| Work to be completed |
The expected output is a copy of every line in the records with the string "assoc".

| Dataset records |
lemma ennreal_diff_tail: "ennreal (diff_tail c) = diff_moment (indicator {c..})"
proof -
  have "ennreal (diff_tail c) = (\<integral>\<^sup>+z. ennreal (f z) * ennreal (F (z - c)) \<partial>lborel)"
    unfolding diff_tail_def
    using integrable_bounded_mult_shift[of "\<lambda>z. F (z - c)" 1 0] F_nonneg F_le_1
    by (subst nn_integral_eq_integral[symmetric])
      (auto simp: f_nonneg ennreal_mult' abs_le_iff mult.commute intro!: nn_integral_cong)
  also have "\<dots> = (\<integral>\<^sup>+z. ennreal (f z) * (\<integral>\<^sup>+y. ennreal (f y) * indicator {..z - c} y \<partial>lborel) \<partial>lborel)"
    unfolding F_def by (simp add: ennreal_integral_indicator_f)
  also have "\<dots> = diff_moment (indicator {c..})"
  proof -
    have "indicator {..z - c} y = (indicator {c..} (z - y) :: ennreal)" for z y
      by (auto split: split_indicator)
    then show ?thesis
      unfolding diff_moment_def by (simp add: nn_integral_cmult[symmetric] mult.assoc)
  qed
  finally show ?thesis .
qed

lemma diff_tail_measurable [measurable]: "(\<lambda>c. ennreal (diff_tail c)) \<in> borel_measurable borel"
  unfolding diff_tail_def by measurable

lemma diff_tail_0_ge_half: "1 \<le> 2 * diff_tail 0"
proof -
  have "ennreal 1 = diff_moment (\<lambda>_. 1)"
    by (simp add: diff_moment_const)
  also have "\<dots> \<le> diff_moment (\<lambda>d. indicator {0..} d + indicator {0..} (- d))"
    by (intro diff_moment_mono) (auto split: split_indicator)
  also have "\<dots> = 2 * ennreal (diff_tail 0)"
    by (simp add: diff_moment_add diff_moment_reflect ennreal_diff_tail mult_2)
  also have "\<dots> = ennreal (2 * diff_tail 0)"
    using diff_tail_nonneg by (simp add: ennreal_mult)
  finally show ?thesis
    using diff_tail_nonneg by (simp add: ennreal_le_iff)
qed

lemma diff_tail_add_le:
  assumes "0 \<le> a" "0 \<le> b"
  shows "diff_tail (a + b) \<le> 2 * diff_tail a * diff_tail b"
proof -
  have "diff_tail (a + b) \<le> (2 * diff_tail 0) * diff_tail (a + b)"
    using diff_tail_0_ge_half diff_tail_nonneg[of "a + b"] by (simp add: mult_le_cancel_right1)
  also have "\<dots> \<le> 2 * (diff_tail a * diff_tail b)"
    using diff_tail_NBU[OF assms] by simp
  finally show ?thesis
    by simp
qed

text \<open>Since \<open>ennreal\<close> truncates negative numbers to \<open>0\<close>, \<open>diff_moment ennreal\<close> is \<open>E (X - X')\<^sub>+\<close>.\<close>
lemma diff_moment_pos_part:
  "diff_moment ennreal = (\<integral>\<^sup>+a. indicator {0..} a * ennreal (diff_tail a) \<partial>lborel)"
proof -
  have "diff_moment ennreal = diff_moment (\<lambda>d. \<integral>\<^sup>+a. indicator {0..} a * indicator {a..} d \<partial>lborel)"
    by (rule arg_cong[where f = diff_moment], rule ext) (use nn_integral_layer_pos_part[of 0] in simp)
  also have "\<dots> = (\<integral>\<^sup>+a. diff_moment (\<lambda>d. indicator {0..} a * indicator {a..} d) \<partial>lborel)"
    by (rule diff_moment_nn_integral) measurable
  also have "\<dots> = (\<integral>\<^sup>+a. indicator {0..} a * ennreal (diff_tail a) \<partial>lborel)"
    by (simp add: diff_moment_cmult ennreal_diff_tail)
  finally show ?thesis .
qed

lemma diff_moment_pos_part_square:
  "diff_moment (\<lambda>d. ennreal ((max 0 d)\<^sup>2))
    = 2 * (\<integral>\<^sup>+a. indicator {0..} a *
             (\<integral>\<^sup>+b. indicator {0..} b * ennreal (diff_tail (a + b)) \<partial>lborel) \<partial>lborel)"
proof -
  have "ennreal ((max 0 d)\<^sup>2) = ennreal 2 * ennreal ((max 0 d)\<^sup>2 / 2)" for d :: real
    using ennreal_mult[of 2 "(max 0 d)\<^sup>2 / 2"] by simp
  also have "\<dots> d = 2 * (\<integral>\<^sup>+a. indicator {0..} a *
      (\<integral>\<^sup>+b. indicator {0..} b * indicator {a + b..} d \<partial>lborel) \<partial>lborel)" for d
    by (simp add: nn_integral_layer_pos_part nn_integral_pos_part_half_square)
  finally have "diff_moment (\<lambda>d. ennreal ((max 0 d)\<^sup>2))
      = 2 * diff_moment (\<lambda>d. \<integral>\<^sup>+a. indicator {0..} a *
          (\<integral>\<^sup>+b. indicator {0..} b * indicator {a + b..} d \<partial>lborel) \<partial>lborel)"
    by (simp add: diff_moment_cmult)
  also have "\<dots> = 2 * (\<integral>\<^sup>+a. indicator {0..} a *
      diff_moment (\<lambda>d. \<integral>\<^sup>+b. indicator {0..} b * indicator {a + b..} d \<partial>lborel) \<partial>lborel)"
    by (subst diff_moment_nn_integral) (measurable, simp add: diff_moment_cmult)
  also have "\<dots> = 2 * (\<integral>\<^sup>+a. indicator {0..} a *
      (\<integral>\<^sup>+b. indicator {0..} b * ennreal (diff_tail (a + b)) \<partial>lborel) \<partial>lborel)"
    by (subst diff_moment_nn_integral) (measurable, simp add: diff_moment_cmult ennreal_diff_tail)
  finally show ?thesis .
qed

lemma diff_moment_pos_part_square_le:
  "diff_moment (\<lambda>d. ennreal ((max 0 d)\<^sup>2)) \<le> 4 * (diff_moment ennreal)\<^sup>2"
proof -
  define I where "I = (\<integral>\<^sup>+a. indicator {0..} a * ennreal (diff_tail a) \<partial>lborel)"
  have bound: "ennreal (diff_tail (a + b)) \<le> 2 * ennreal (diff_tail a) * ennreal (diff_tail b)"
    if "0 \<le> a" "0 \<le> b" for a b
  proof -
    have "ennreal (diff_tail (a + b)) \<le> ennreal (2 * diff_tail a * diff_tail b)"
      using diff_tail_add_le[OF that] by (rule ennreal_leI)
    also have "\<dots> = 2 * ennreal (diff_tail a) * ennreal (diff_tail b)"
      using diff_tail_nonneg by (simp add: ennreal_mult)
    finally show ?thesis .
  qed
  have inner: "indicator {0..} a * (\<integral>\<^sup>+b. indicator {0..} b * ennreal (diff_tail (a + b)) \<partial>lborel)
      \<le> indicator {0..} a *
          (\<integral>\<^sup>+b. indicator {0..} b * (2 * ennreal (diff_tail a) * ennreal (diff_tail b)) \<partial>lborel)" for a
  proof (cases "0 \<le> a")
    case True
    then show ?thesis
      by (intro mult_left_mono[OF nn_integral_mono]) (auto split: split_indicator simp: bound)
  qed simp
  have "diff_moment (\<lambda>d. ennreal ((max 0 d)\<^sup>2))
      \<le> 2 * (\<integral>\<^sup>+a. indicator {0..} a *
          (\<integral>\<^sup>+b. indicator {0..} b * (2 * ennreal (diff_tail a) * ennreal (diff_tail b)) \<partial>lborel) \<partial>lborel)"
    unfolding diff_moment_pos_part_square by (rule mult_left_mono[OF nn_integral_mono, OF inner]) simp
  also have "\<dots> = 2 * (\<integral>\<^sup>+a. (2 * I) * (indicator {0..} a * ennreal (diff_tail a)) \<partial>lborel)"
    unfolding I_def by (simp add: nn_integral_cmult[symmetric] mult_ac)
  also have "\<dots> = 2 * (2 * I * I)"
    unfolding I_def by (subst nn_integral_cmult) (simp add: mult.assoc, measurable)
  also have "\<dots> = 4 * I\<^sup>2"
    by (simp add: power2_eq_square mult_ac)
  finally show ?thesis
    unfolding I_def diff_moment_pos_part .
qed

lemma diff_moment_square_le: "diff_moment (\<lambda>d. ennreal (d\<^sup>2)) \<le> 2 * (diff_moment (\<lambda>d. ennreal \<bar>d\<bar>))\<^sup>2"
proof -
  have "(\<lambda>d. ennreal (d\<^sup>2)) = (\<lambda>d. ennreal ((max 0 d)\<^sup>2) + ennreal ((max 0 (- d))\<^sup>2))"
    by (rule ext, simp flip: ennreal_plus add: max_def)
  then have square: "diff_moment (\<lambda>d. ennreal (d\<^sup>2)) = 2 * diff_moment (\<lambda>d. ennreal ((max 0 d)\<^sup>2))"
    by (simp add: diff_moment_add diff_moment_reflect[where \<phi> = "\<lambda>d. ennreal ((max 0 d)\<^sup>2)"] mult_2)
  have "(\<lambda>d. ennreal \<bar>d\<bar>) = (\<lambda>d. ennreal d + ennreal (- d))"
    by (rule ext, simp flip: ennreal_plus add: abs_if ennreal_neg)
  then have abs: "diff_moment (\<lambda>d. ennreal \<bar>d\<bar>) = 2 * diff_moment ennreal"
    by (simp add: diff_moment_add diff_moment_reflect[where \<phi> = ennreal] mult_2)
  show ?thesis
    unfolding square abs using diff_moment_pos_part_square_le
    by (simp add: power2_eq_square mult_ac mult_left_mono)
qed

lemma measure_le_eq_F:
  assumes "prob_space M" and X: "distributed M lborel X (\<lambda>x. ennreal (f x))"
  shows "measure M {\<omega> \<in> space M. X \<omega> \<le> x} = F x"
proof -
  have [measurable]: "X \<in> borel_measurable M"
    using distributed_measurable[OF X] by simp
  have "measure M {\<omega> \<in> space M. X \<omega> \<le> x} = measure (distr M lborel X) {..x}"
    by (subst measure_distr) (auto intro!: arg_cong[where f = "measure M"])
  also have "\<dots> = F x"
    unfolding distributed_distr_eq_density[OF X] F_def by (simp add: measure_density_f)
  finally show ?thesis .
qed

lemma nn_integral_diff_eq_diff_moment:
  assumes "prob_space M"
    and X: "distributed M lborel X (\<lambda>x. ennreal (f x))"
    and X': "distributed M lborel X' (\<lambda>x. ennreal (f x))"
    and indep: "prob_space.indep_var M borel X borel X'"
    and [measurable]: "\<phi> \<in> borel_measurable borel"
  shows "(\<integral>\<^sup>+\<omega>. \<phi> (X \<omega> - X' \<omega>) \<partial>M) = diff_moment \<phi>"
proof -
  have "distributed M (lborel \<Otimes>\<^sub>M lborel) (\<lambda>\<omega>. (X \<omega>, X' \<omega>)) (\<lambda>(x, y). ennreal (f x) * ennreal (f y))"
    using prob_space.distributed_joint_indep_lborel[OF assms(1-4)] .
  from distributed_nn_integral[OF this, of "\<lambda>p. \<phi> (fst p - snd p)"]
  have "(\<integral>\<^sup>+\<omega>. \<phi> (X \<omega> - X' \<omega>) \<partial>M)
      = (\<integral>\<^sup>+p. ennreal (f (fst p)) * ennreal (f (snd p)) * \<phi> (fst p - snd p) \<partial>(lborel \<Otimes>\<^sub>M lborel))"
    by (simp add: case_prod_beta)
  also have "\<dots> = diff_moment \<phi>"
    unfolding diff_moment_def by (subst lborel.nn_integral_fst[symmetric]) auto
  finally show ?thesis .
qed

| Reply to the task |
      unfolding diff_moment_def by (simp add: nn_integral_cmult[symmetric] mult.assoc)
    unfolding I_def by (subst nn_integral_cmult) (simp add: mult.assoc, measurable)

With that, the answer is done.